From the first line of the data below, repeat each line exactly until you reach the line with "(\<forall>e\<in>E. \<forall>i\<ge>r. \<alpha>"; include that line too.
**** MATERIAL FOR THE TASK
definition edges_between :: "'e set \<Rightarrow> ('e \<Rightarrow> 'v) \<Rightarrow> ('e \<Rightarrow> 'v) \<Rightarrow> 'v \<Rightarrow> 'v \<Rightarrow> 'e set" where
  "edges_between E src tgt p q = {e \<in> E. src e = p \<and> tgt e = q}"

definition n_valent :: "nat \<Rightarrow> 'v set \<Rightarrow> 'e set \<Rightarrow> ('e \<Rightarrow> 'v) \<Rightarrow> bool" where
  "n_valent n V E src \<longleftrightarrow> (\<forall>p\<in>V. card (out_edges E src p) = n)"

definition Z_lin_indep2 :: "(nat \<Rightarrow> int) \<Rightarrow> (nat \<Rightarrow> int) \<Rightarrow> bool" where
  "Z_lin_indep2 a b \<longleftrightarrow> (\<forall>k l :: int. (\<forall>i. k * a i + l * b i = 0) \<longrightarrow> k = 0 \<and> l = 0)"

definition axial_function ::
  "nat \<Rightarrow> 'e set \<Rightarrow> ('e \<Rightarrow> 'v) \<Rightarrow> ('e \<Rightarrow> 'e) \<Rightarrow> ('e \<Rightarrow> nat \<Rightarrow> int) \<Rightarrow> bool" where
  "axial_function r E src bar \<alpha> \<longleftrightarrow>
     (\<forall>e\<in>E. \<forall>i\<ge>r. \<alpha> e i = 0) \<and>
     (\<forall>e\<in>E. \<alpha> (bar e) = \<alpha> e \<or> \<alpha> (bar e) = (\<lambda>i. - \<alpha> e i)) \<and>
     (\<forall>e\<in>E. \<forall>e'\<in>E. e \<noteq> e' \<and> src e = src e' \<longrightarrow> Z_lin_indep2 (\<alpha> e) (\<alpha> e')) \<and>
     (\<forall>e\<in>E. Gcd (\<alpha> e ` {..<r}) = 1)"

definition parallel_transport ::
  "'e set \<Rightarrow> ('e \<Rightarrow> 'v) \<Rightarrow> ('e \<Rightarrow> 'v) \<Rightarrow> ('e \<Rightarrow> 'e) \<Rightarrow> ('e \<Rightarrow> nat \<Rightarrow> int) \<Rightarrow> ('e \<Rightarrow> 'e \<Rightarrow> 'e) \<Rightarrow> bool" where
  "parallel_transport E src tgt bar \<alpha> P \<longleftrightarrow>
     (\<forall>e\<in>E. bij_betw (P e) (out_edges E src (src e)) (out_edges E src (tgt e)) \<and>
        (\<forall>e'\<in>out_edges E src (src e). P (bar e) (P e e') = e') \<and>
        P e e = bar e \<and>
        (\<forall>e'\<in>out_edges E src (src e). \<exists>k::int. \<forall>i. \<alpha> (P e e') i - \<alpha> e' i = k * \<alpha> e i))"

definition abstract_GKM_graph ::
  "nat \<Rightarrow> nat \<Rightarrow> 'v set \<Rightarrow> 'e set \<Rightarrow> ('e \<Rightarrow> 'v) \<Rightarrow> ('e \<Rightarrow> 'v) \<Rightarrow> ('e \<Rightarrow> 'e) \<Rightarrow> ('e \<Rightarrow> nat \<Rightarrow> int) \<Rightarrow> bool" where
  "abstract_GKM_graph r n V E src tgt bar \<alpha> \<longleftrightarrow>
     graph V E src tgt bar \<and> n_valent n V E src \<and> axial_function r E src bar \<alpha> \<and>
     (\<exists>P. parallel_transport E src tgt bar \<alpha> P)"

end

theory Submission
  imports Defs "HOL-Library.Multiset"
begin

text \<open>Work modulo \<open>a = \<alpha> e\<close>. Every vector \<open>v\<close> is congruent modulo \<open>\<int>a\<close> to
  \<open>\<plusminus>R\<close>, where \<open>R\<close> is a representative chosen once for the class of \<open>\<plusminus>v\<close>;
  so a product of linear forms is congruent modulo \<open>a\<close> to a sign times a product
  that depends only on the multiset of classes. Parallel transport along \<open>e\<close> is a
  bijection from the edges at \<open>p\<close> other than \<open>e\<close> to the edges at \<open>q\<close> other than
  \<open>bar e\<close> that preserves residues, hence classes and signs. The remaining edges from
  \<open>p\<close> to \<open>q\<close> are matched with those from \<open>q\<close> to \<open>p\<close> by reversal, which keeps the
  class and flips the sign exactly when \<open>\<alpha> (bar f) = - \<alpha> f\<close> (the flip is genuine
  since \<open>\<alpha> f\<close> and \<open>a\<close> are independent). Cancelling these edges in the multisets of
  classes and in the products of signs gives \<open>P \<equiv> (-1)\<^sup>c Q\<close> without any
  factoriality of the polynomial ring.\<close>

lemma of_int_mult_single:
  "(of_int x :: mpoly) * Poly_Mapping.single m y = Poly_Mapping.single m (x * y)"
  by (metis single_of_int mult_single add_0 of_int_eq_id id_apply)

lemma lin_form_lincomb:
  "lin_form r (\<lambda>i. x * v i + y * w i) = of_int x * lin_form r v + of_int y * lin_form r w"
  unfolding lin_form_def
  by (simp add: sum_distrib_left sum.distrib of_int_mult_single single_add)

definition vec_cong :: "(nat \<Rightarrow> int) \<Rightarrow> (nat \<Rightarrow> int) \<Rightarrow> (nat \<Rightarrow> int) \<Rightarrow> bool" where
  "vec_cong a v w \<longleftrightarrow> (\<exists>k::int. \<forall>i. w i - v i = k * a i)"

lemma vec_cong_refl: "vec_cong a v v"
  unfolding vec_cong_def by (intro exI[of _ 0]) simp

lemma vec_cong_sym:
  assumes "vec_cong a v w"
  shows "vec_cong a w v"
proof -
  from assms obtain k where "\<forall>i. w i - v i = k * a i" unfolding vec_cong_def by blast
  then have "\<forall>i. v i - w i = (- k) * a i" by (simp add: algebra_simps)
  then show ?thesis unfolding vec_cong_def by blast
qed

lemma vec_cong_trans:
  assumes "vec_cong a u v" and "vec_cong a v w"
  shows "vec_cong a u w"
proof -
  from assms obtain k l where "\<forall>i. v i - u i = k * a i" "\<forall>i. w i - v i = l * a i"
    unfolding vec_cong_def by blast
  then have "\<forall>i. w i - u i = (k + l) * a i" by (simp add: algebra_simps)
  then show ?thesis unfolding vec_cong_def by blast
qed

lemma vec_cong_uminus:
  assumes "vec_cong a v w"
  shows "vec_cong a (\<lambda>i. - v i) (\<lambda>i. - w i)"
proof -
  from assms obtain k where "\<forall>i. w i - v i = k * a i" unfolding vec_cong_def by blast
  then have "\<forall>i. - w i - - v i = (- k) * a i" by (simp add: algebra_simps)
  then show ?thesis unfolding vec_cong_def by blast
qed

lemma lin_form_dvd_diff_if_vec_cong:
  assumes "vec_cong a v w"
  shows "lin_form r a dvd lin_form r w - lin_form r v"
proof -
  obtain k where "\<forall>i. w i - v i = k * a i" using assms unfolding vec_cong_def by blast
  then have "w = (\<lambda>i. 1 * v i + k * a i)" by (auto simp: algebra_simps)
  then have "lin_form r w - lin_form r v = of_int k * lin_form r a"
    using lin_form_lincomb[of r 1 v k a] by simp
  then show ?thesis by simp
qed

lemma lin_form_uminus: "lin_form r (\<lambda>i. - v i) = - lin_form r v"
  using lin_form_lincomb[of r "-1" v 0 v] by simp

lemma not_vec_cong_uminus_if_Z_lin_indep2:
  assumes "Z_lin_indep2 a v"
  shows "\<not> vec_cong a v (\<lambda>i. - v i)"
proof
  assume "vec_cong a v (\<lambda>i. - v i)"
  then obtain k where "\<forall>i. - v i - v i = k * a i" unfolding vec_cong_def by blast
  then have "\<forall>i. k * a i + 2 * v i = 0" by (smt (verit))
  then show False using assms[unfolded Z_lin_indep2_def, rule_format, of k 2] by simp
qed

definition pm_class :: "(nat \<Rightarrow> int) \<Rightarrow> (nat \<Rightarrow> int) \<Rightarrow> (nat \<Rightarrow> int) set" where
  "pm_class a v = {w. vec_cong a v w \<or> vec_cong a (\<lambda>i. - v i) w}"

definition pm_rep :: "(nat \<Rightarrow> int) \<Rightarrow> (nat \<Rightarrow> int) \<Rightarrow> nat \<Rightarrow> int" where
  "pm_rep a v = (SOME w. w \<in> pm_class a v)"

definition pm_sign :: "(nat \<Rightarrow> int) \<Rightarrow> (nat \<Rightarrow> int) \<Rightarrow> int" where
  "pm_sign a v = (if vec_cong a (pm_rep a v) v then 1 else -1)"

lemma pm_class_subset:
  assumes "w \<in> pm_class a v"
  shows "pm_class a w \<subseteq> pm_class a v"
proof
  fix u assume u: "u \<in> pm_class a w"
  have "vec_cong a v w \<or> vec_cong a (\<lambda>i. - v i) w" using assms by (simp add: pm_class_def)
  then have "(vec_cong a v w \<and> vec_cong a (\<lambda>i. - v i) (\<lambda>i. - w i)) \<or>
      (vec_cong a (\<lambda>i. - v i) w \<and> vec_cong a v (\<lambda>i. - w i))"
    using vec_cong_uminus[of a v w] vec_cong_uminus[of a "\<lambda>i. - v i" w] by auto
  with u show "u \<in> pm_class a v"
    unfolding pm_class_def by (blast intro: vec_cong_trans)
qed

lemma pm_class_eq:
  assumes "w \<in> pm_class a v"
  shows "pm_class a w = pm_class a v"
proof
  show "pm_class a w \<subseteq> pm_class a v" using assms by (rule pm_class_subset)
  have "v \<in> pm_class a w"
    using assms vec_cong_uminus[of a "\<lambda>i. - v i" w]
    unfolding pm_class_def by (auto intro: vec_cong_sym)
  then show "pm_class a v \<subseteq> pm_class a w" by (rule pm_class_subset)
qed

lemma pm_class_uminus: "pm_class a (\<lambda>i. - v i) = pm_class a v"
  by (rule pm_class_eq) (simp add: pm_class_def vec_cong_refl)

lemma pm_rep_in_pm_class: "pm_rep a v \<in> pm_class a v"
  unfolding pm_rep_def by (rule someI[of _ v]) (simp add: pm_class_def vec_cong_refl)

lemma lin_form_dvd_diff_pm_sign_pm_rep:
  "lin_form r a dvd lin_form r v - of_int (pm_sign a v) * lin_form r (pm_rep a v)"
proof (cases "vec_cong a (pm_rep a v) v")
  case True
  then show ?thesis
    by (simp add: pm_sign_def lin_form_dvd_diff_if_vec_cong)
next
  case False
  with pm_rep_in_pm_class have "vec_cong a (\<lambda>i. - v i) (pm_rep a v)"
    unfolding pm_class_def by (blast intro: vec_cong_sym)
  then have "lin_form r a dvd lin_form r (pm_rep a v) - lin_form r (\<lambda>i. - v i)"
    by (rule lin_form_dvd_diff_if_vec_cong)
  with False show ?thesis
    by (simp add: pm_sign_def lin_form_uminus add.commute)
qed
********
■ **THE COMPLETED TASK**:
definition edges_between :: "'e set \<Rightarrow> ('e \<Rightarrow> 'v) \<Rightarrow> ('e \<Rightarrow> 'v) \<Rightarrow> 'v \<Rightarrow> 'v \<Rightarrow> 'e set" where
  "edges_between E src tgt p q = {e \<in> E. src e = p \<and> tgt e = q}"

definition n_valent :: "nat \<Rightarrow> 'v set \<Rightarrow> 'e set \<Rightarrow> ('e \<Rightarrow> 'v) \<Rightarrow> bool" where
  "n_valent n V E src \<longleftrightarrow> (\<forall>p\<in>V. card (out_edges E src p) = n)"

definition Z_lin_indep2 :: "(nat \<Rightarrow> int) \<Rightarrow> (nat \<Rightarrow> int) \<Rightarrow> bool" where
  "Z_lin_indep2 a b \<longleftrightarrow> (\<forall>k l :: int. (\<forall>i. k * a i + l * b i = 0) \<longrightarrow> k = 0 \<and> l = 0)"

definition axial_function ::
  "nat \<Rightarrow> 'e set \<Rightarrow> ('e \<Rightarrow> 'v) \<Rightarrow> ('e \<Rightarrow> 'e) \<Rightarrow> ('e \<Rightarrow> nat \<Rightarrow> int) \<Rightarrow> bool" where
  "axial_function r E src bar \<alpha> \<longleftrightarrow>
     (\<forall>e\<in>E. \<forall>i\<ge>r. \<alpha> e i = 0) \<and>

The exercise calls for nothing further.